◆ **What is required**:
Going from the top of the data below, give again each line through the one containing "vertex \<open>(g)\<^sub>0\<close> the letter", both ends kept.

◆ **Stored data entries**:

text \<open>An edge of PCay(P) is a pair {dart, reverse dart}; its ends are the tails
of its darts.\<close>
definition PCay_E ::
  "'x set \<Rightarrow> 's set \<Rightarrow> 's set \<Rightarrow> ('s \<Rightarrow> 'x \<Rightarrow> 'x) \<Rightarrow> ('x \<Rightarrow> 's letter list set)
    \<Rightarrow> ('s letter list set \<times> 's letter) set set" where
  "PCay_E X U I \<phi> Rel =
     {{(C, a), (PCay_head X U I \<phi> Rel C a, inv_letter I a)} | C a.
        C \<in> PCay_V X U I \<phi> Rel \<and> a \<in> letters U I}"

definition PCay_ends :: "('v \<times> 'l) set \<Rightarrow> 'v set" where
  "PCay_ends E = fst ` E"

end

theory Submission
  imports Defs
begin

text \<open>Choose halves \<open>A \<subseteq> R\<close>, \<open>B \<subseteq> L\<close> containing one element of each inverse pair; since
  \<open>|R| = |L|\<close> there is a bijection \<open>f : A \<rightarrow> B\<close>.  Take \<open>X = {0, 1}\<close>, one generator in \<open>U\<close> for
  each \<open>r \<in> A\<close> acting trivially on \<open>X\<close>, and one involution in \<open>I\<close> for each \<open>s \<in> S\<close> swapping
  \<open>0\<close> and \<open>1\<close>.  A word then lifts to a walk in \<open>Bi(G,R,L,S)\<close>: at a vertex \<open>(g)\<^sub>0\<close> the letter
  \<open>r\<close> moves to \<open>(gr)\<^sub>0\<close>, at \<open>(g)\<^sub>1\<close> it moves to \<open>(g f(r))\<^sub>1\<close>, and \<open>s\<close> crosses between the two
  sheets.  Declaring as relators at \<open>x\<close> all words whose lift from \<open>(1)\<^sub>x\<close> is closed, two words
  from the base point are homotopic iff their lifts end at the same vertex (by left
  invariance of the lift), so the homotopy classes are the vertices of the (connected)
  bi-Cayley graph and the lifted edges are its edges.\<close>

lemma mg_iso_sym:
  assumes "mg_iso V E en V' E' en'" and "\<forall>e\<in>E. en e \<subseteq> V"
  shows "mg_iso V' E' en' V E en"
proof -
  obtain fv fe where f: "bij_betw fv V V'" "bij_betw fe E E'" "\<forall>e\<in>E. en' (fe e) = fv ` en e"
    using assms(1) unfolding mg_iso_def by blast
  have "en (inv_into E fe e') = inv_into V fv ` en' e'" if e': "e' \<in> E'" for e'
  proof -
    define e where "e = inv_into E fe e'"
    have e: "e \<in> E" "fe e = e'" using e' f(2) unfolding e_def
      by (auto simp: bij_betw_def inv_into_into f_inv_into_f)
    have "inv_into V fv ` en' e' = inv_into V fv ` fv ` en e" using f(3) e by auto
    also have "\<dots> = en e" using assms(2) e(1) f(1)
      by (auto simp: bij_betw_def inv_into_f_f subsetD image_iff)
    finally show ?thesis unfolding e_def by simp
  qed
  then show ?thesis unfolding mg_iso_def
    using bij_betw_inv_into[OF f(1)] bij_betw_inv_into[OF f(2)] by blast
qed

lemma mg_connected_bi_imp_S_nonempty:
  assumes "\<one>\<^bsub>G\<^esub> \<in> carrier G" and "mg_connected (bi_V G) (bi_E G R L S) id"
  shows "S \<noteq> {}"
proof
  assume "S = {}"
  then have same_sheet: "snd a = snd b" if "\<exists>e\<in>bi_E G R L S. id e = {a, b}" for a b
    using that unfolding bi_E_def by (auto simp: doubleton_eq_iff)
  have "\<not> snd v" if "(\<lambda>a b. \<exists>e\<in>bi_E G R L S. id e = {a, b})\<^sup>*\<^sup>* (\<one>\<^bsub>G\<^esub>, False) v" for v
    using that by (induction rule: rtranclp_induct) (simp, metis same_sheet)
  moreover have "(\<lambda>a b. \<exists>e\<in>bi_E G R L S. id e = {a, b})\<^sup>*\<^sup>* (\<one>\<^bsub>G\<^esub>, False) (\<one>\<^bsub>G\<^esub>, True)"
    using assms unfolding mg_connected_def bi_V_def by simp
  ultimately show False by fastforce
qed

lemma (in group) inv_closed_split:
  assumes RG: "R \<subseteq> carrier G" and Ri: "(\<lambda>x. inv x) ` R = R" and nf: "\<forall>x\<in>R. inv x \<noteq> x"
  obtains A where "R = A \<union> (\<lambda>x. inv x) ` A" and "A \<inter> (\<lambda>x. inv x) ` A = {}"
proof -
  define c where "c r = (SOME x. x \<in> {r, inv r})" for r
  have c_mem: "c r \<in> {r, inv r}" for r unfolding c_def by (rule someI[of _ r]) simp
  have c_inv: "c (inv r) = c r" if "r \<in> carrier G" for r
  proof -
    have "{inv r, inv (inv r)} = {r, inv r}" using that by auto
    then show ?thesis unfolding c_def by simp
  qed
  define A where "A = {r \<in> R. c r = r}"
  have iR: "inv r \<in> R" if "r \<in> R" for r using Ri that by blast
  have "R \<subseteq> A \<union> (\<lambda>x. inv x) ` A"
  proof
    fix r assume r: "r \<in> R"
    show "r \<in> A \<union> (\<lambda>x. inv x) ` A"
    proof (cases "c r = r")
      case True then show ?thesis using r A_def by simp
    next
      case False
      then have "c r = inv r" using c_mem[of r] by blast
      then have "c (inv r) = inv r" using c_inv[of r] r RG by auto
      then have "inv r \<in> A" using iR r A_def by simp
      moreover have "r = inv (inv r)" using r RG by auto
      ultimately show ?thesis by blast
    qed
  qed
  moreover have "A \<union> (\<lambda>x. inv x) ` A \<subseteq> R" using A_def iR by auto
  moreover have "A \<inter> (\<lambda>x. inv x) ` A = {}"
  proof (rule ccontr)
    assume "A \<inter> (\<lambda>x. inv x) ` A \<noteq> {}"
    then obtain a where a: "a \<in> A" "inv a \<in> A" by blast
    then have "inv a = c (inv a)" "c (inv a) = c a" "c a = a" "a \<in> R"
      using A_def c_inv RG by auto
    then show False using nf by auto
  qed
  ultimately show ?thesis using that by blast
qed

lemma (in group) card_inv_split:
  assumes "A \<subseteq> carrier G" and "A \<inter> (\<lambda>x. inv x) ` A = {}" and "finite A"
  shows "card (A \<union> (\<lambda>x. inv x) ` A) = 2 * card A"
proof -
  have "inj_on (\<lambda>x. inv x) A" using inv_inj assms(1) by (rule inj_on_subset)
  then show ?thesis using card_Un_disjoint[OF assms(3) finite_imageI[OF assms(3)] assms(2)]
    by (simp add: card_image)
qed

lemma infinite_Un_image_eqpoll:
  assumes "infinite A"
  shows "A \<union> h ` A \<approx> A"
proof (rule lepoll_antisym)
  have "ordLeq2 (card_of (A \<union> h ` A)) (card_of A)"
    by (rule card_of_Un_ordLeq_infinite_Field)
       (use assms in \<open>simp_all add: Field_card_of card_of_refl[THEN ordIso_imp_ordLeq]
          card_of_image card_of_card_order_on\<close>)
  then show "A \<union> h ` A \<lesssim> A" by (simp add: lepoll_def card_of_ordLeq[symmetric])
  show "A \<lesssim> A \<union> h ` A" by (simp add: subset_imp_lepoll)
qed

lemma (in group) inv_split_halves_eqpoll:
  assumes "A \<subseteq> carrier G" and "A \<inter> (\<lambda>x. inv x) ` A = {}"
    and "B \<subseteq> carrier G" and "B \<inter> (\<lambda>x. inv x) ` B = {}"
    and RL: "A \<union> (\<lambda>x. inv x) ` A \<approx> B \<union> (\<lambda>x. inv x) ` B"
  shows "A \<approx> B"
proof (cases "finite A")
  case True
  then have "finite B" using eqpoll_finite_iff[OF RL] by simp
  then have "2 * card A = 2 * card B"
    using RL True assms card_inv_split eqpoll_iff_card by (metis finite_Un finite_imageI)
  then show ?thesis using True \<open>finite B\<close> by (simp add: eqpoll_iff_card)
next
  case False
  then have "infinite B" using eqpoll_finite_iff[OF RL] by simp
  then show ?thesis using False RL infinite_Un_image_eqpoll
    by (meson eqpoll_sym eqpoll_trans)
qed

subsection \<open>Lifting words to walks in the bi-Cayley graph\<close>

locale bi_cayley_halves = group G for G (structure) +
  fixes R L S A B :: "'g set" and f :: "'g \<Rightarrow> 'g"
  assumes R_closed: "R \<subseteq> carrier G" and L_closed: "L \<subseteq> carrier G" and S_closed: "S \<subseteq> carrier G"
    and R_split: "R = A \<union> (\<lambda>x. inv x) ` A" and A_disjoint: "A \<inter> (\<lambda>x. inv x) ` A = {}"
    and L_split: "L = B \<union> (\<lambda>x. inv x) ` B" and B_disjoint: "B \<inter> (\<lambda>x. inv x) ` B = {}"
    and f_bij: "bij_betw f A B"
begin

text \<open>The tags \<open>0\<close> and \<open>2\<close> keep \<open>U\<close> and \<open>I\<close> disjoint even if \<open>A\<close> and \<open>S\<close> overlap.\<close>

definition "X = {0, 1::nat}"
definition "U = (\<lambda>r. (r, 0::nat)) ` A"
definition "I = (\<lambda>s. (s, 2::nat)) ` S"
definition "\<phi> = (\<lambda>(s::'g \<times> nat) (x::nat). if snd s = 2 then 1 - x else x)"

definition lift_step :: "'g \<times> bool \<Rightarrow> ('g \<times> nat) letter \<Rightarrow> 'g \<times> bool" where
  "lift_step v c = (if snd (fst c) = 2 then
       (if snd v then (fst v \<otimes> inv (fst (fst c)), False) else (fst v \<otimes> fst (fst c), True))
     else if snd v then (fst v \<otimes> (if snd c then f (fst (fst c)) else inv (f (fst (fst c)))), True)
     else (fst v \<otimes> (if snd c then fst (fst c) else inv (fst (fst c))), False))"

definition "walk_lift v w = fold (\<lambda>c v. lift_step v c) w v"

definition "Rel x = {w \<in> lists (letters U I). walk_end X \<phi> x w = x \<and> walk_lift (\<one>, x = 1) w = (\<one>, x = 1)}"

definition "inv_word w = map (inv_letter I) (rev w)"

lemma A_closed: "A \<subseteq> carrier G" using R_closed R_split by auto
lemma f_mem_B: "r \<in> A \<Longrightarrow> f r \<in> B" using f_bij bij_betwE by blast
lemma f_closed: "r \<in> A \<Longrightarrow> f r \<in> carrier G" using f_mem_B L_closed L_split by auto

lemma mem_letters_iff: "c \<in> letters U I \<longleftrightarrow>
   (\<exists>r\<in>A. c = ((r,0),True) \<or> c = ((r,0),False)) \<or> (\<exists>s\<in>S. c = ((s,2),True))"
  unfolding letters_def U_def I_def by auto

lemma inv_letter_U: "inv_letter I ((r,0),d) = ((r,0), \<not> d)"
  unfolding inv_letter_def I_def by auto

lemma inv_letter_I: "s \<in> S \<Longrightarrow> inv_letter I ((s,2),d) = ((s,2), d)"
  unfolding inv_letter_def I_def by auto

lemma inv_letter_closed: "c \<in> letters U I \<Longrightarrow> inv_letter I c \<in> letters U I"
  unfolding mem_letters_iff by (auto simp: inv_letter_U inv_letter_I)

lemma inv_letter_inv_letter: "c \<in> letters U I \<Longrightarrow> inv_letter I (inv_letter I c) = c"
  unfolding mem_letters_iff by (auto simp: inv_letter_U inv_letter_I)

lemma inv_word_closed: "w \<in> lists (letters U I) \<Longrightarrow> inv_word w \<in> lists (letters U I)"
  unfolding inv_word_def using inv_letter_closed by auto

lemma mem_bi_V_iff: "v \<in> bi_V G \<longleftrightarrow> fst v \<in> carrier G"
  unfolding bi_V_def by (simp add: mem_Times_iff)

lemma lift_step_closed: "v \<in> bi_V G \<Longrightarrow> c \<in> letters U I \<Longrightarrow> lift_step v c \<in> bi_V G"
  unfolding mem_letters_iff mem_bi_V_iff lift_step_def using A_closed S_closed f_closed by auto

◆ **Result for this exercise**:
text \<open>An edge of PCay(P) is a pair {dart, reverse dart}; its ends are the tails
of its darts.\<close>
definition PCay_E ::
  "'x set \<Rightarrow> 's set \<Rightarrow> 's set \<Rightarrow> ('s \<Rightarrow> 'x \<Rightarrow> 'x) \<Rightarrow> ('x \<Rightarrow> 's letter list set)
    \<Rightarrow> ('s letter list set \<times> 's letter) set set" where
  "PCay_E X U I \<phi> Rel =
     {{(C, a), (PCay_head X U I \<phi> Rel C a, inv_letter I a)} | C a.
        C \<in> PCay_V X U I \<phi> Rel \<and> a \<in> letters U I}"

definition PCay_ends :: "('v \<times> 'l) set \<Rightarrow> 'v set" where
  "PCay_ends E = fst ` E"

end

theory Submission
  imports Defs
begin

text \<open>Choose halves \<open>A \<subseteq> R\<close>, \<open>B \<subseteq> L\<close> containing one element of each inverse pair; since
  \<open>|R| = |L|\<close> there is a bijection \<open>f : A \<rightarrow> B\<close>.  Take \<open>X = {0, 1}\<close>, one generator in \<open>U\<close> for
  each \<open>r \<in> A\<close> acting trivially on \<open>X\<close>, and one involution in \<open>I\<close> for each \<open>s \<in> S\<close> swapping
  \<open>0\<close> and \<open>1\<close>.  A word then lifts to a walk in \<open>Bi(G,R,L,S)\<close>: at a vertex \<open>(g)\<^sub>0\<close> the letter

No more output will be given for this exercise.